In the entries, find all lines that hold the word "text" and copy them.

........

definition klinear_on ::
  "('k::field_char_0 \<Rightarrow> 'a::comm_ring \<Rightarrow> 'a) \<Rightarrow> ('k \<Rightarrow> 'b::comm_ring \<Rightarrow> 'b) \<Rightarrow> 'a set \<Rightarrow> ('a \<Rightarrow> 'b) \<Rightarrow> bool" where
  "klinear_on sc1 sc2 S f \<longleftrightarrow>
     (\<forall>x\<in>S. \<forall>y\<in>S. f (x + y) = f x + f y) \<and> (\<forall>c. \<forall>x\<in>S. f (sc1 c x) = sc2 c (f x))"

definition kbilinear_on ::
  "('k::field_char_0 \<Rightarrow> 'a::comm_ring \<Rightarrow> 'a) \<Rightarrow> 'a set \<Rightarrow> ('a \<Rightarrow> 'a \<Rightarrow> 'a) \<Rightarrow> bool" where
  "kbilinear_on sc S p \<longleftrightarrow>
     (\<forall>x\<in>S. \<forall>y\<in>S. \<forall>z\<in>S. p (x + y) z = p x z + p y z \<and> p x (y + z) = p x y + p x z) \<and>
     (\<forall>c. \<forall>x\<in>S. \<forall>y\<in>S. p (sc c x) y = sc c (p x y) \<and> p x (sc c y) = sc c (p x y))"

definition poisson_bracket_on ::
  "'x set \<Rightarrow> ('x \<Rightarrow> 'x \<Rightarrow> 'x) \<Rightarrow> ('x \<Rightarrow> 'x \<Rightarrow> 'x) \<Rightarrow> ('x \<Rightarrow> 'x \<Rightarrow> 'x) \<Rightarrow> 'x \<Rightarrow> bool" where
  "poisson_bracket_on S add mul br z \<longleftrightarrow>
     (\<forall>x\<in>S. \<forall>y\<in>S. br x y \<in> S) \<and>
     (\<forall>x\<in>S. \<forall>y\<in>S. \<forall>w\<in>S. br (add x y) w = add (br x w) (br y w)) \<and>
     (\<forall>x\<in>S. \<forall>y\<in>S. add (br x y) (br y x) = z) \<and>
     (\<forall>x\<in>S. \<forall>y\<in>S. \<forall>w\<in>S.
        add (add (br x (br y w)) (br y (br w x))) (br w (br x y)) = z) \<and>
     (\<forall>x\<in>S. \<forall>y\<in>S. \<forall>w\<in>S. br x (mul y w) = add (mul (br x y) w) (mul y (br x w)))"

definition poisson_algebra :: "('k::field_char_0 \<Rightarrow> 'a::comm_ring \<Rightarrow> 'a) \<Rightarrow> ('a \<Rightarrow> 'a \<Rightarrow> 'a) \<Rightarrow> bool" where
  "poisson_algebra sc p \<longleftrightarrow> kalg sc \<and> kbilinear_on sc UNIV p \<and> poisson_bracket_on UNIV (+) (*) p 0"

definition poisson_morphism ::
  "('k::field_char_0 \<Rightarrow> 'a::comm_ring \<Rightarrow> 'a) \<Rightarrow> ('a \<Rightarrow> 'a \<Rightarrow> 'a) \<Rightarrow>
   ('k \<Rightarrow> 'b::comm_ring \<Rightarrow> 'b) \<Rightarrow> ('b \<Rightarrow> 'b \<Rightarrow> 'b) \<Rightarrow> ('a \<Rightarrow> 'b) \<Rightarrow> bool" where
  "poisson_morphism sc1 p sc2 q f \<longleftrightarrow> klinear_on sc1 sc2 UNIV f \<and>
     (\<forall>x y. f (x * y) = f x * f y) \<and> (\<forall>x y. f (p x y) = q (f x) (f y))"

definition poisson_commutant :: "('b \<Rightarrow> 'b \<Rightarrow> 'b::comm_ring) \<Rightarrow> ('a \<Rightarrow> 'b) \<Rightarrow> 'b set" where
  "poisson_commutant s0 phi0 = {b. \<forall>a. s0 b (phi0 a) = 0}"

section \<open>Formal power series R[[lambda]] as coefficient sequences\<close>

definition fser :: "'a set \<Rightarrow> (nat \<Rightarrow> 'a) set" where
  "fser S = {f. \<forall>n. f n \<in> S}"

definition sadd :: "(nat \<Rightarrow> 'a::comm_ring) \<Rightarrow> (nat \<Rightarrow> 'a) \<Rightarrow> nat \<Rightarrow> 'a" where
  "sadd f g = (\<lambda>n. f n + g n)"

definition fsmul :: "(nat \<Rightarrow> 'a::comm_ring) \<Rightarrow> (nat \<Rightarrow> 'a) \<Rightarrow> nat \<Rightarrow> 'a" where
  "fsmul f g = (\<lambda>n. \<Sum>i\<le>n. f i * g (n - i))"

text \<open>The K[[lambda]]-bilinear bracket sum_k lambda^k p_k.\<close>
definition dbr :: "(nat \<Rightarrow> 'a \<Rightarrow> 'a \<Rightarrow> 'a::comm_ring) \<Rightarrow> (nat \<Rightarrow> 'a) \<Rightarrow> (nat \<Rightarrow> 'a) \<Rightarrow> nat \<Rightarrow> 'a" where
  "dbr p f g = (\<lambda>n. \<Sum>k\<le>n. \<Sum>i\<le>n - k. p k (f i) (g (n - k - i)))"

text \<open>The K[[lambda]]-linear map sum_k lambda^k phi_k.\<close>
definition dmap :: "(nat \<Rightarrow> 'a \<Rightarrow> 'b::comm_ring) \<Rightarrow> (nat \<Rightarrow> 'a) \<Rightarrow> nat \<Rightarrow> 'b" where
  "dmap phi f = (\<lambda>n. \<Sum>k\<le>n. phi k (f (n - k)))"

text \<open>Formal Poisson deformation of the bracket p0 on the subalgebra S: a series
  sum_k lambda^k p_k of K-bilinear maps S x S -> S with p_0 = p0 on S, whose
  K[[lambda]]-bilinear extension is a Poisson bracket on S[[lambda]].\<close>
definition formal_poisson_deformation ::
  "('k::field_char_0 \<Rightarrow> 'a::comm_ring \<Rightarrow> 'a) \<Rightarrow> 'a set \<Rightarrow> ('a \<Rightarrow> 'a \<Rightarrow> 'a) \<Rightarrow> (nat \<Rightarrow> 'a \<Rightarrow> 'a \<Rightarrow> 'a) \<Rightarrow> bool" where
  "formal_poisson_deformation sc S p0 p \<longleftrightarrow>
     (\<forall>k. kbilinear_on sc S (p k) \<and> (\<forall>x\<in>S. \<forall>y\<in>S. p k x y \<in> S)) \<and>
     (\<forall>x\<in>S. \<forall>y\<in>S. p 0 x y = p0 x y) \<and>
     poisson_bracket_on (fser S) sadd fsmul (dbr p) (\<lambda>_. 0)"

definition series_poisson_morphism ::
  "('k::field_char_0 \<Rightarrow> 'a::comm_ring \<Rightarrow> 'a) \<Rightarrow> 'a set \<Rightarrow> (nat \<Rightarrow> 'a \<Rightarrow> 'a \<Rightarrow> 'a) \<Rightarrow>
   ('k \<Rightarrow> 'b::comm_ring \<Rightarrow> 'b) \<Rightarrow> 'b set \<Rightarrow> (nat \<Rightarrow> 'b \<Rightarrow> 'b \<Rightarrow> 'b) \<Rightarrow> (nat \<Rightarrow> 'a \<Rightarrow> 'b) \<Rightarrow> bool" where
  "series_poisson_morphism sc1 S1 p sc2 S2 q phi \<longleftrightarrow>
     (\<forall>k. klinear_on sc1 sc2 S1 (phi k) \<and> phi k ` S1 \<subseteq> S2) \<and>
     (\<forall>f\<in>fser S1. \<forall>g\<in>fser S1.
        dmap phi (fsmul f g) = fsmul (dmap phi f) (dmap phi g) \<and>
        dmap phi (dbr p f g) = dbr q (dmap phi f) (dmap phi g))"

definition series_poisson_iso ::
  "('k::field_char_0 \<Rightarrow> 'a::comm_ring \<Rightarrow> 'a) \<Rightarrow> 'a set \<Rightarrow> (nat \<Rightarrow> 'a \<Rightarrow> 'a \<Rightarrow> 'a) \<Rightarrow>
   (nat \<Rightarrow> 'a \<Rightarrow> 'a \<Rightarrow> 'a) \<Rightarrow> (nat \<Rightarrow> 'a \<Rightarrow> 'a) \<Rightarrow> bool" where
  "series_poisson_iso sc S p q phi \<longleftrightarrow>
     series_poisson_morphism sc S p sc S q phi \<and> bij_betw (dmap phi) (fser S) (fser S)"

end

theory Submission
  imports Defs
begin

(* Because the zeroth term of Phi'_i is the inclusion of A', the map Phi'_i is injective, and
   its image is exactly the sigma_i-commutant of the image of Phi_i: a series commuting with
   that image can be inverted order by order, since the lowest non-vanishing coefficient of a
   bracket is a sigma0-bracket, which forces every new coefficient to lie in A'.
   Psi carries the sigma1-commutant of im Phi1 onto the sigma2-commutant of
   Psi(im Phi1) = Phi2(im psi) = im Phi2, hence maps im Phi'1 onto im Phi'2, and
   psi' = Phi'2^-1 Psi Phi'1 is the required isomorphism; injectivity of Phi'2 makes it
   linear and Poisson. *)

lemma fser_UNIV [simp]: "fser UNIV = UNIV"
  by (simp add: fser_def)

lemma sum_mem:
  assumes "finite L" "\<forall>l\<in>L. x l \<in> T" "(0::'a::comm_monoid_add) \<in> T" "\<forall>a\<in>T. \<forall>b\<in>T. a + b \<in> T"
  shows "sum x L \<in> T"
  using assms by (induction L rule: finite_induct) auto

lemma additive_on_sum:
  assumes "finite L" "\<forall>l\<in>L. x l \<in> T" "(0::'a::comm_monoid_add) \<in> T" "\<forall>a\<in>T. \<forall>b\<in>T. a + b \<in> T"
    and add: "\<forall>a\<in>T. \<forall>b\<in>T. f (a + b) = f a + (f b :: 'b::ab_group_add)"
  shows "f (sum x L) = (\<Sum>l\<in>L. f (x l))"
  using assms(1,2)
proof (induction L rule: finite_induct)
  case empty
  have "f (0 + 0) = f 0 + f 0" using add assms(3) by blast
  then show ?case by simp
next
  case (insert a F)
  have "sum x F \<in> T" using sum_mem[of F x T] insert assms(3,4) by blast
  then show ?case using insert add by simp
qed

........

** Solution below **
text \<open>The K[[lambda]]-bilinear bracket sum_k lambda^k p_k.\<close>
text \<open>The K[[lambda]]-linear map sum_k lambda^k phi_k.\<close>
text \<open>Formal Poisson deformation of the bracket p0 on the subalgebra S: a series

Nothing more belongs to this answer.